I agree with Valguard’s approach, though not his numbers. The point is that the question is not what the average number of people is, but what is the most likely number of matches is. As MikeS suggests, we need to find the mode rather than the mean.
The place where I disagree with Valguard is that I think his calculation of p is wrong. If it were right, the sum over all the possible number of answers should add up to 1, but if you sum them, it’s much less. The way I look at it, you first “mark” 6,100 people out of the 60,000, and then pick 3,500 people from the 60,000 at random. You then sum the number of people who you’ve now selected who have been marked by the initial selection. In that model, p would be 6100/60000 = 0.10166666…
In bc, the Unix calculator, I defined the three functions:
define f(a) {
if (a > 1)
return (a * f(a-1));
return (1);
}
define c(a,b) {
return (f(a)/f(b)/f(a-b));
}
define m(p,n,t) {
return (c(t,n) * p^n * (1-p)^(t-n));
}
Where f is the factorial function, c is the choose function, and m is the chance that you get n successes out of t trials when the probability for one success is p. I ran this with 450 digits of precision, where p = 0.101666666666667 and t = 3500. The function m() hit its maximal value at n = 355 successes, which interestingly enough is quite close to the mean calculated by Tyrrell McAllister at the beginning of this thread.
A sample of the probabilities I got:
n = 0: 1.07473603544798e-161%
n = 300: 0.01436011140540525%
n = 350: 2.13020672765995334%
n = 354: 2.22419553669614445%
n = 355: 2.23071660438062294%
n = 356: 2.23026321614830110%
n = 400: 0.11137275995696081%
n = 450: 4.97431757661914e-6%
And summing up all the probabilities up to n = 450, the probability that 0 <= n <= 450 is 99.999984284%, which implies that we are converging to 100%, which is what we expect.

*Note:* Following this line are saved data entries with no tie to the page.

definition Ssq_map :: "('o, 'h, 'v) dbl \<Rightarrow> (nat \<Rightarrow> nat) \<Rightarrow> nat \<Rightarrow> nat \<Rightarrow>
    ((nat \<Rightarrow> nat \<Rightarrow> 'o) \<times> (nat \<Rightarrow> nat \<Rightarrow> 'h) \<times> (nat \<Rightarrow> nat \<Rightarrow> 'v)) \<Rightarrow>
    ((nat \<Rightarrow> nat \<Rightarrow> 'o) \<times> (nat \<Rightarrow> nat \<Rightarrow> 'h) \<times> (nat \<Rightarrow> nat \<Rightarrow> 'v))" where
  "Ssq_map D \<theta> m n x = (case x of (A, h, v) \<Rightarrow>
     (\<lambda>j k. if j \<le> k \<and> k \<le> m then A (\<theta> j) (\<theta> k) else undefined,
      \<lambda>j k. if j \<le> k \<and> k < m
             then hpath (hcat D) A h (\<theta> j) (\<theta> k) (\<theta> (Suc k) - \<theta> k) else undefined,
      \<lambda>j k. if j < k \<and> k \<le> m
             then vpath (vcat D) A v (\<theta> j) (\<theta> k) (\<theta> (Suc j) - \<theta> j) else undefined))"

definition Ssq :: "('o, 'h, 'v) dbl \<Rightarrow> 'o \<Rightarrow>
    ((nat \<Rightarrow> nat \<Rightarrow> 'o) \<times> (nat \<Rightarrow> nat \<Rightarrow> 'h) \<times> (nat \<Rightarrow> nat \<Rightarrow> 'v)) sset" where
  "Ssq D Z = \<lparr> lev = Ssq_lev D Z, smap = Ssq_map D \<rparr>"

end

(*
  The squares category is read off X itself. Its objects are the 1-simplices; a horizontal
  morphism a -> b is a 2-simplex s with s_01 = a and s_02 = b, a vertical one has s_02 = a and
  s_12 = b, and a square is the boundary of a 3-simplex w, with top w_023, bottom w_123, left
  w_012 and right w_013. The 2-Segal condition in dimension 3 says that a 3-simplex exists and is
  unique for every compatible pair of faces 012, 023 (or 123, 013): this defines both
  compositions, and dimension 4 gives associativity and the pasting of squares. The degenerate
  edge O over the unique vertex is horizontally initial and vertically terminal, because a
  triangle with an edge equal to O is degenerate.

  An n-simplex x is sent to its grid: objects x_jk, horizontal morphisms x_(j,k,k+1), vertical
  morphisms x_(j,j+1,k), so the unit cell (j,k) is the boundary of x_(j,j+1,k,k+1). Bijectivity is
  proved by induction on n with the 2-Segal decomposition of [n+1] into [0..n] and {0,n,n+1}:
  an n-simplex extends uniquely along a triangle, and uniqueness of the squares of a grid
  propagates the extension down its last column.
*)

theory Submission
  imports Defs
begin

(* restr X n [i0, ..., im] x is the face or degeneracy x_(i0...im) of the n-simplex x; lemma
   names such as eq_by_012_023 refer to these vertex lists. *)
definition restr :: "'x sset \<Rightarrow> nat \<Rightarrow> nat list \<Rightarrow> 'x \<Rightarrow> 'x" where
  "restr X n l x = smap X (\<lambda>t. l ! t) (length l - 1) n x"

definition simp_list :: "nat list \<Rightarrow> nat \<Rightarrow> bool" where
  "simp_list l n \<longleftrightarrow> l \<noteq> [] \<and> sorted l \<and> (\<forall>i\<in>set l. i \<le> n)"

lemma simp_list_simps [simp]:
  "simp_list [] n = False"
  "simp_list [a] n = (a \<le> n)"
  "simp_list (a # b # l) n = (a \<le> b \<and> simp_list (b # l) n)"
  by (auto simp: simp_list_def)

lemma simp_op_nth: "simp_list l n \<Longrightarrow> length l = Suc m \<Longrightarrow> simp_op (\<lambda>t. l ! t) m n"
  unfolding simp_list_def simp_op_def by (auto intro: sorted_nth_mono)

lemma simp_op_comp: "simp_op \<phi> k m \<Longrightarrow> simp_op \<theta> m n \<Longrightarrow> simp_op (\<theta> \<circ> \<phi>) k n"
  unfolding simp_op_def by auto

lemma simp_list_map: "simp_op \<theta> m n \<Longrightarrow> simp_list l m \<Longrightarrow> simp_list (map \<theta> l) n"
  unfolding simp_list_def simp_op_def by (auto simp: sorted_iff_nth_mono)

lemma simp_list_upt: "simp_list [0..<Suc n] n"
  by (auto simp del: upt_Suc simp: simp_list_def)

locale simplicial_set =
  fixes X :: "'x sset"
  assumes is_sset: "is_sset X"
begin

lemma smap_closed: "simp_op \<theta> m n \<Longrightarrow> x \<in> lev X n \<Longrightarrow> smap X \<theta> m n x \<in> lev X m"
  using is_sset unfolding is_sset_def by blast

lemma smap_cong:
  "simp_op \<theta> m n \<Longrightarrow> (\<And>i. i \<le> m \<Longrightarrow> \<theta> i = \<theta>' i) \<Longrightarrow> x \<in> lev X n \<Longrightarrow>
   smap X \<theta> m n x = smap X \<theta>' m n x"
  using is_sset unfolding is_sset_def by blast

lemma smap_id: "x \<in> lev X n \<Longrightarrow> smap X id n n x = x"
  using is_sset unfolding is_sset_def by blast

lemma smap_comp:
  "simp_op \<phi> k m \<Longrightarrow> simp_op \<theta> m n \<Longrightarrow> x \<in> lev X n \<Longrightarrow>
   smap X (\<theta> \<circ> \<phi>) k n x = smap X \<phi> k m (smap X \<theta> m n x)"
  using is_sset unfolding is_sset_def by blast

lemma restr_closed:
  "simp_list l n \<Longrightarrow> length l = Suc m \<Longrightarrow> x \<in> lev X n \<Longrightarrow> restr X n l x \<in> lev X m"
  unfolding restr_def using smap_closed simp_op_nth by auto

lemma restr_restr [simp]:
  assumes l: "simp_list l n" "length l = Suc m" and l': "simp_list l' m" and x: "x \<in> lev X n"
  shows "restr X m l' (restr X n l x) = restr X n (map (\<lambda>i. l ! i) l') x"
proof -
  obtain k where k: "length l' = Suc k"
    using l' by (cases l') (auto simp: simp_list_def)
  have "restr X m l' (restr X n l x) = smap X ((\<lambda>t. l ! t) \<circ> (\<lambda>t. l' ! t)) k n x"
    unfolding restr_def using l l' k x by (simp add: smap_comp[symmetric] simp_op_nth)
  also have "\<dots> = restr X n (map (\<lambda>i. l ! i) l') x"
    unfolding restr_def length_map k diff_Suc_1 using l l' k x
    by (intro smap_cong) (auto intro!: simp_op_nth simp_op_comp[of _ k m] simp: simp_list_def)
  finally show ?thesis .
qed

lemma smap_eq_restr:
  "simp_op \<theta> m n \<Longrightarrow> x \<in> lev X n \<Longrightarrow> smap X \<theta> m n x = restr X n (map \<theta> [0..<Suc m]) x"
  unfolding restr_def length_map length_upt diff_Suc_1 diff_zero
  by (rule smap_cong) (auto simp del: upt_Suc simp: nth_append)

lemma restr_upt: "x \<in> lev X n \<Longrightarrow> restr X n [0..<Suc n] x = x"
  using smap_eq_restr[of id n n x] smap_id[of x n] by (simp add: simp_op_def)

lemma restr_0_1 [simp]: "x \<in> lev X (Suc 0) \<Longrightarrow> restr X (Suc 0) [0, Suc 0] x = x"
  using restr_upt[of x 1] by (simp add: upt_rec)

lemma restr_0_1_2 [simp]: "x \<in> lev X 2 \<Longrightarrow> restr X 2 [0, Suc 0, 2] x = x"
  using restr_upt[of x 2] by (simp add: upt_rec eval_nat_numeral)

lemma restr_smap:
  assumes \<theta>: "simp_op \<theta> m n" and x: "x \<in> lev X n" and l: "simp_list l m"
  shows "restr X m l (smap X \<theta> m n x) = restr X n (map \<theta> l) x"
proof -
  have "restr X m l (smap X \<theta> m n x) = restr X n (map (\<lambda>i. map \<theta> [0..<Suc m] ! i) l) x"
    using assms by (simp add: smap_eq_restr simp_list_map simp_list_upt del: upt_Suc)
  also have "map (\<lambda>i. map \<theta> [0..<Suc m] ! i) l = map \<theta> l"
    using l unfolding simp_list_def by (auto simp del: upt_Suc simp: nth_append less_Suc_eq_le)
  finally show ?thesis .
qed

lemma restr_prefix:
  assumes x: "x \<in> lev X (Suc m)" and l: "simp_list l m"
  shows "restr X m l (restr X (Suc m) [0..<Suc m] x) = restr X (Suc m) l x"
proof -
  have "simp_list [0..<Suc m] (Suc m)"
    by (auto simp del: upt_Suc simp: simp_list_def)
  then have "restr X m l (restr X (Suc m) [0..<Suc m] x) = restr X (Suc m) (map (\<lambda>i. [0..<Suc m] ! i) l) x"
    using x l by (simp del: upt_Suc)
  also have "map (\<lambda>i. [0..<Suc m] ! i) l = l"
    using l unfolding simp_list_def by (intro map_idI) (auto simp del: upt_Suc)
  finally show ?thesis .
qed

So, to sum up, if you ran a simulation many times, the average number of successes that you’d get would probably be close to 356, but the most common result would probably be 355 successes. How many is many? Well, the probability for 356 successes is so close to 355, you would need to run it billions of times. If I recall the equation correctly, you’d need to run it at least 1/(0.0223071660438062294 - 0.0223026321614830110)[sup]2[/sup] = 48,647,386,373 times to get a statistically significant difference.